Jan 27, 201112:57 PMEditor's Blog
Tiger Mom is All-American
I’ve debated whether or not to blog about Amy Chua’s book “Battle Hymn of the Tiger Mother.” After seeing several interviews with her, reading about her, seeing several interviews ABOUT her and scanning through her book, I have a few things to say. I hate to break the news to her, as much as she wants us to believe she’s different from us, I don’t think she’s much of a Chinese mom. She’s much more the uber-AMERICAN mom. China has much more of a group-think culture than us Westerners. We’re capitalists. We’re all about competition, and that includes our kids. Amy Chua just takes good old American competition to the extreme.
Be honest. How many of you know Tiger moms as depicted by Ms. Chua? How many of you have been Tiger moms at one time or another? I know I have. I once told my crying daughter that an essay she had written was bad and if she expected to get a good grade, she needed to revise it. While I didn’t MAKE her re-write it (something Amy Chua would have done), she did revise it on her own. We’re Americans. We’re all about being the best for the sake of being the best. That seems to be Chua’s goal. Fortunately, her daughters must have some pretty great genetic intelligence so that they can live up to her narrow definition of success. I hope they’ll be able to navigate their social lives both in and out of the workplace because they apparently aren’t getting any unsupervised practice dealing with their peers right now.
But superficial success for the sake of being the best can have its drawbacks. I just read an article in this morning’s NYTs about how there are more college freshmen than ever before saying they feel too much pressure. They’re coming to college on anti-depressants and anti-anxiety drugs.
Part of this pressure might be the result of students feeling pushed to be the best without thinking about why they need to be the best. Heather Wilson wrote an interesting editorial in the Sunday Washington Post. She has served on the Rhodes Scholarship selection committee for 20 years, is an Air Force Academy graduate and a Rhodes Scholar herself. She says that she has seen a growing trend toward top colleges and universities turning out students who have difficulty thinking across disciplines. They are not widely read, nor are they driven to make a difference in the world around them.
She writes, “Our great universities seem to have redefined what it means to be an exceptional student. They are producing top students who have given very little thought to matters beyond their impressive grasp of an intense area of study. This narrowing has resulted in a curiously unprepared and superficial pre-professionalism.”
Wilson goes on to say that the students “believe they are exceptionally well-educated. They have jumped through every hoop put in front of them to be the top of their classes in our country’s best universities, and they have been lavishly praised for doing so.
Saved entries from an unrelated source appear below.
definition equicontinuous_on :: "'a::topological_space set \<Rightarrow> ('a \<Rightarrow> real) set \<Rightarrow> bool" where
  "equicontinuous_on K S \<longleftrightarrow>
     (\<forall>x\<in>K. \<forall>e>0. \<exists>Ux. open Ux \<and> x \<in> Ux \<and>
        (\<forall>z\<in>Ux \<inter> K. \<forall>h\<in>S. \<bar>h z - h x\<bar> < e))"

definition concavelike_on :: "'a set \<Rightarrow> 'b set \<Rightarrow> ('a \<Rightarrow> 'b \<Rightarrow> real) \<Rightarrow> bool" where
  "concavelike_on K Y f \<longleftrightarrow>
     (\<forall>y1\<in>Y. \<forall>y2\<in>Y. \<forall>t\<in>{0..1::real}. \<exists>y3\<in>Y. \<forall>x\<in>K.
        f x y3 \<ge> (1 - t) * f x y1 + t * f x y2)"

end

theory Submission
  imports Defs
begin

text \<open>Fix reals \<open>\<beta> < \<alpha> < inf\<^sub>U sup\<^sub>Y f\<close>. Equicontinuity transports
  \<open>sup\<^sub>Y f(u,\<cdot>) > \<alpha>\<close> from the dense set \<open>U\<close> to \<open>sup\<^sub>Y f(x,\<cdot>) > \<beta>\<close> for all
  \<open>x \<in> K\<close>, and compactness yields finitely many \<open>y\<close> with \<open>K = \<Union>\<^sub>y {f(\<cdot>,y) > \<beta>}\<close>.
  Induction over this finite family, using concavelikeness, produces a single \<open>y \<in> Y\<close>
  with \<open>f(\<cdot>,y) \<ge> \<beta>\<close> on \<open>K\<close>, hence \<open>\<beta> \<le> sup\<^sub>Y inf\<^sub>U f\<close>. The induction step is the case
  of two convex functions \<open>g\<^sub>1, g\<^sub>2\<close> with \<open>max(g\<^sub>1, g\<^sub>2) \<ge> \<beta>\<close> on a convex set: separating
  the upper set of \<open>(g\<^sub>1 - \<beta>, g\<^sub>2 - \<beta>)\<close> from the open negative quadrant of \<open>\<real>\<^sup>2\<close> gives
  a line with nonpositive normal \<open>(p, q)\<close>, and \<open>t = q / (p + q)\<close> makes
  \<open>(1 - t) g\<^sub>1 + t g\<^sub>2 \<ge> \<beta>\<close>.\<close>

lemma convex_strict_sublevel_set:
  assumes "convex_on C g"
  shows "convex {x\<in>C. g x < a}"
proof (rule convexI)
  fix x1 x2 and u v :: real
  assume x: "x1 \<in> {x\<in>C. g x < a}" "x2 \<in> {x\<in>C. g x < a}"
    and uv: "0 \<le> u" "0 \<le> v" "u + v = 1"
  have "u *\<^sub>R x1 + v *\<^sub>R x2 \<in> C"
    using convex_on_imp_convex[OF assms] x uv by (simp add: convex_def)
  moreover have "g (u *\<^sub>R x1 + v *\<^sub>R x2) \<le> u * g x1 + v * g x2"
    using assms x uv by (simp add: convex_on_def)
  moreover have "u * g x1 + v * g x2 < a"
  proof (cases "u = 0")
    case True
    then show ?thesis using x uv by simp
  next
    case False
    then have "u * g x1 < u * a" using x uv by simp
    moreover have "v * g x2 \<le> v * a" using x uv by (simp add: mult_left_mono)
    ultimately have "u * g x1 + v * g x2 < (u + v) * a" by (simp add: distrib_right)
    then show ?thesis using uv by simp
  qed
  ultimately show "u *\<^sub>R x1 + v *\<^sub>R x2 \<in> {x\<in>C. g x < a}" by simp
qed
lemma binom_weight_diff_eq:
  "binom_weight_diff n i =
     binom_weight (Suc n) i * (real i - real (Suc n) * coef_shift) / (real (Suc n) * coef_id)"
proof -
  have "real (Suc n) * coef_id * binom_weight_diff n i =
      real (Suc n) * coef_id * binom_weight (Suc n) i - real (Suc n - i) * binom_weight (Suc n) i"
    unfolding binom_weight_diff_def using binom_weight_Suc_ratio[of n i] by (simp add: algebra_simps)
  also have "\<dots> = binom_weight (Suc n) i * (real i - real (Suc n) * coef_shift)"
    by (cases "i \<le> Suc n") (simp_all add: binom_weight_eq_0 coef_id_eq of_nat_diff algebra_simps)
  finally have "real (Suc n) * coef_id * binom_weight_diff n i =
      binom_weight (Suc n) i * (real i - real (Suc n) * coef_shift)" .
  moreover have "real (Suc n) * coef_id \<noteq> 0"
    using coef_id_pos by simp
  ultimately show ?thesis
    by (metis nonzero_mult_div_cancel_left)
qed

definition binom_weight_diff_l1 :: "nat \<Rightarrow> real" where
  "binom_weight_diff_l1 n = (\<Sum>i\<le>Suc n. \<bar>binom_weight_diff n i\<bar>)"

text \<open>The decay \<open>O(n\<^sup>-\<^sup>1\<^sup>/\<^sup>2)\<close> of \<open>\<parallel>nlap\<^sup>n\<^sup>+\<^sup>1 - nlap\<^sup>n\<parallel>\<close>: by the previous identity the
  \<open>\<ell>\<^sup>1\<close>-norm is a mean absolute deviation, bounded via AM-GM by the standard deviation.\<close>

lemma binom_weight_diff_l1_sq_le:
  "binom_weight_diff_l1 n ^ 2 \<le> coef_shift / (real (Suc n) * coef_id)"
proof -
  define N where "N = Suc n"
  define a where "a = sqrt (real N * coef_shift * coef_id)"
  have a_pos: "a > 0"
    unfolding a_def N_def using coef_shift_pos coef_id_pos by simp
  have a_sq: "a ^ 2 = real N * coef_shift * coef_id"
    unfolding a_def using coef_shift_pos coef_id_pos by simp
  have am_gm: "\<bar>t\<bar> \<le> (t ^ 2 / a + a) / 2" for t :: real
  proof -
    have "0 \<le> (\<bar>t\<bar> - a) ^ 2"
      by simp
    then show ?thesis
      using a_pos by (simp add: field_simps power2_eq_square)
  qed
  have "binom_weight_diff_l1 n =
      (\<Sum>i\<le>N. binom_weight N i * \<bar>real i - real N * coef_shift\<bar>) / (real N * coef_id)"
    unfolding binom_weight_diff_l1_def binom_weight_diff_eq N_def sum_divide_distrib
    using binom_weight_nonneg coef_id_pos by (intro sum.cong refl) (simp add: abs_mult)
  also have "(\<Sum>i\<le>N. binom_weight N i * \<bar>real i - real N * coef_shift\<bar>) \<le>
      (\<Sum>i\<le>N. binom_weight N i * (((real i - real N * coef_shift) ^ 2 / a + a) / 2))"
    by (intro sum_mono mult_left_mono am_gm binom_weight_nonneg)
  also have "\<dots> = ((\<Sum>i\<le>N. binom_weight N i * (real i - real N * coef_shift) ^ 2) / a
      + a * (\<Sum>i\<le>N. binom_weight N i)) / 2"
    by (simp add: sum_distrib_left sum_divide_distrib sum.distrib algebra_simps add_divide_distrib)
  also have "\<dots> = a"
    unfolding binom_weight_variance sum_binom_weight using a_sq a_pos
    by (simp add: power2_eq_square field_simps)
  finally have "binom_weight_diff_l1 n \<le> a / (real N * coef_id)"
    using coef_id_pos by (simp add: divide_right_mono)
  moreover have "binom_weight_diff_l1 n \<ge> 0"
    unfolding binom_weight_diff_l1_def by simp
  ultimately have "binom_weight_diff_l1 n ^ 2 \<le> (a / (real N * coef_id)) ^ 2"
    by (intro power_mono) auto
  also have "\<dots> = coef_shift / (real N * coef_id)"
    using coef_id_pos unfolding power_divide a_sq N_def by (simp add: power2_eq_square)
  finally show ?thesis
    unfolding N_def .
qed

lemma nlap_power_eq_shift_poly:
  assumes "h \<in> tree_functions"
  shows "(nlap ^^ n) h = shift_poly n (binom_weight n) h"
proof (induction n)
  case 0
  then show ?case
    unfolding shift_poly_def binom_weight_def by simp
next
  case (Suc n)
  have shift: "shift_op (shift_poly n (binom_weight n) h) =
      (\<lambda>x. \<Sum>i\<le>n. of_real (binom_weight n i) * (shift_op ^^ Suc i) h x)"
    unfolding shift_poly_def by (subst shift_op_sum) auto
  have "(nlap ^^ Suc n) h = nlap (shift_poly n (binom_weight n) h)"
    using Suc by simp
  also have "\<dots> = (\<lambda>x. of_real coef_id * shift_poly n (binom_weight n) h x
      + of_real coef_shift * shift_op (shift_poly n (binom_weight n) h) x)"
    by (rule nlap_eq_shift_op[OF shift_poly_in_tree_functions[OF assms]])
  also have "\<dots> = shift_poly (Suc n) (binom_weight (Suc n)) h"
  proof
    fix x
    show "of_real coef_id * shift_poly n (binom_weight n) h x
        + of_real coef_shift * shift_op (shift_poly n (binom_weight n) h) x
        = shift_poly (Suc n) (binom_weight (Suc n)) h x"
      unfolding shift
      unfolding shift_poly_def sum_binom_weight_Suc[where F = "\<lambda>i. (shift_op ^^ i) h x"]
      by (simp add: sum_distrib_left sum.distrib algebra_simps)
  qed
  finally show ?case .
qed

lemma nu_nlap_power_le:
  assumes "f \<in> Sp q p"
  shows "nu q p m ((nlap ^^ N) f) \<le> (1 + real N) ^ m * nu q p m f"
proof -
  have "(\<Sum>i\<le>N. \<bar>binom_weight N i\<bar>) = 1"
    using sum_binom_weight[of N] binom_weight_nonneg by simp
  then have "dominated m (nu q p m f) N ((nlap ^^ N) f)"
    using dominated_shift_poly[OF dominated_nu[OF assms], where N = N and c = "binom_weight N"]
      nlap_power_eq_shift_poly assms Sp_subset_tree_functions by auto
  then show ?thesis
    by (rule nu_le_of_dominated)
qed

definition nlap_defect :: "(nat list \<Rightarrow> complex) \<Rightarrow> nat list \<Rightarrow> complex" where
  "nlap_defect f = (\<lambda>x. nlap f x - f x)"

definition smoothed_defect :: "nat \<Rightarrow> (nat list \<Rightarrow> complex) \<Rightarrow> nat list \<Rightarrow> complex" where
  "smoothed_defect n f = (nlap ^^ n) (nlap_defect f)"

lemma nlap_defect_Sp: "f \<in> Sp q p \<Longrightarrow> nlap_defect f \<in> Sp q p"
  unfolding nlap_defect_def by (intro Sp_diff nlap_Sp)

lemma nlap_defect_power_Sp: "f \<in> Sp q p \<Longrightarrow> (nlap_defect ^^ K) f \<in> Sp q p"
  by (induction K) (auto simp: nlap_defect_Sp)

lemma nlap_defect_nlap: "nlap_defect (nlap f) = nlap (nlap_defect f)"
  unfolding nlap_defect_def nlap_diff ..

lemma nlap_defect_add: "nlap_defect (\<lambda>x. f x + g x) = (\<lambda>x. nlap_defect f x + nlap_defect g x)"
  unfolding nlap_defect_def nlap_add by auto

lemma smoothed_defect_in_tree_functions:
  "h \<in> tree_functions \<Longrightarrow> smoothed_defect n h \<in> tree_functions"
  unfolding smoothed_defect_def nlap_defect_def
  using nlap_in_tree_functions by (cases n) (auto simp: tree_functions_def)

lemma smoothed_defect_eq:
  assumes "h \<in> tree_functions"
  shows "smoothed_defect n h = shift_poly (Suc n) (binom_weight_diff n) h"
proof -
  have "smoothed_defect n h = (\<lambda>x. (nlap ^^ n) (nlap h) x - (nlap ^^ n) h x)"
    unfolding smoothed_defect_def nlap_defect_def nlap_power_diff ..
  also have "(nlap ^^ n) (nlap h) = (nlap ^^ Suc n) h"
    by (simp add: funpow_Suc_right del: funpow.simps)
  also have "\<dots> = shift_poly (Suc n) (binom_weight (Suc n)) h"
    by (rule nlap_power_eq_shift_poly[OF assms])
  also have "(nlap ^^ n) h = shift_poly (Suc n) (binom_weight n) h"
    using nlap_power_eq_shift_poly[OF assms, of n] shift_poly_Suc_eq[of n "binom_weight n" h]
      binom_weight_eq_0
    by simp
  finally show ?thesis
    unfolding shift_poly_def binom_weight_diff_def by (simp add: sum_subtractf algebra_simps)
qed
They seem so surprised when asked simple direct questions that they have never considered.”
I think this narrow approach to education is also in high schools, and often parents like Amy Chua are pushing kids into this pressure cooker, which takes the critical thinking and joy out of education.
My friend who has been a teacher for 30 years and is currently a very dedicated International Baccalaureate coordinator in a high school in Kansas wrote this in an email to me: “I am not seeing the altruistic “fire in the belly” IB kids as I have in the past few years. I think that it definitely has to do w/ the drill and kill nature of preparation for assessments in the test driven craze. They are used to being spoon fed and told rather than really thinking for themselves. With my non IB, so-called honors sophomore class that I have this year, I have really gotten a huge dose of reality. They are SO darn passive, and they will do NOTHING outside of class that requires any individual assertion of will. It’s frightening. They will NOT read ANYTHING outside class, and it’s a designated honors class, for heaven sake. I find myself having to read TO them because they can’t get it—just read “The Devil and Tom Walker “ aloud to them. These poor kids have never experienced the joy of “reading hour” on carpet squares, in celebration of the joy of reading!!! And it shows!!! I am cooking up an individual project for them — starting Monday, they will become Transcendentalists for a week and must take a nature walk, write journals etc. It is an experiment, the results of which quite frankly scare me because I don’t know if they have it within them to embrace any aspect of Thoreau or Emerson. We will see. . ."
These students sound like what Tiger Mom is churning out. I’m not sure she even knows why she’s parenting the way she is. It was humorous to hear her backtracking and contradicting herself in interviews. She seemed genuinely surprised that parents reacted to her book. Come on. In one interview, she said the parenting was supposed to be sort of “tongue in cheek.” In another, she was firmly advocating her parenting style and calling “Western” parents wishy-washy (even though she’s a Western parent). So, are we supposed to take it seriously, or not? In another interview, she was whining, “It’s just a memoir.” Excuse me. Memoir? At the risk of being an armchair psychologist, maybe she wrote it because her husband is a published author and she needed to be one, too. The competition must be fierce at their house!
Ultimately, I hope both of her daughters stack up enough A’s and super-high test scores to get into an Ivy League college. But Chua shouldn’t blame her parenting style on the Chinese because she has plenty of company in her Western counterparts. She’s all-American.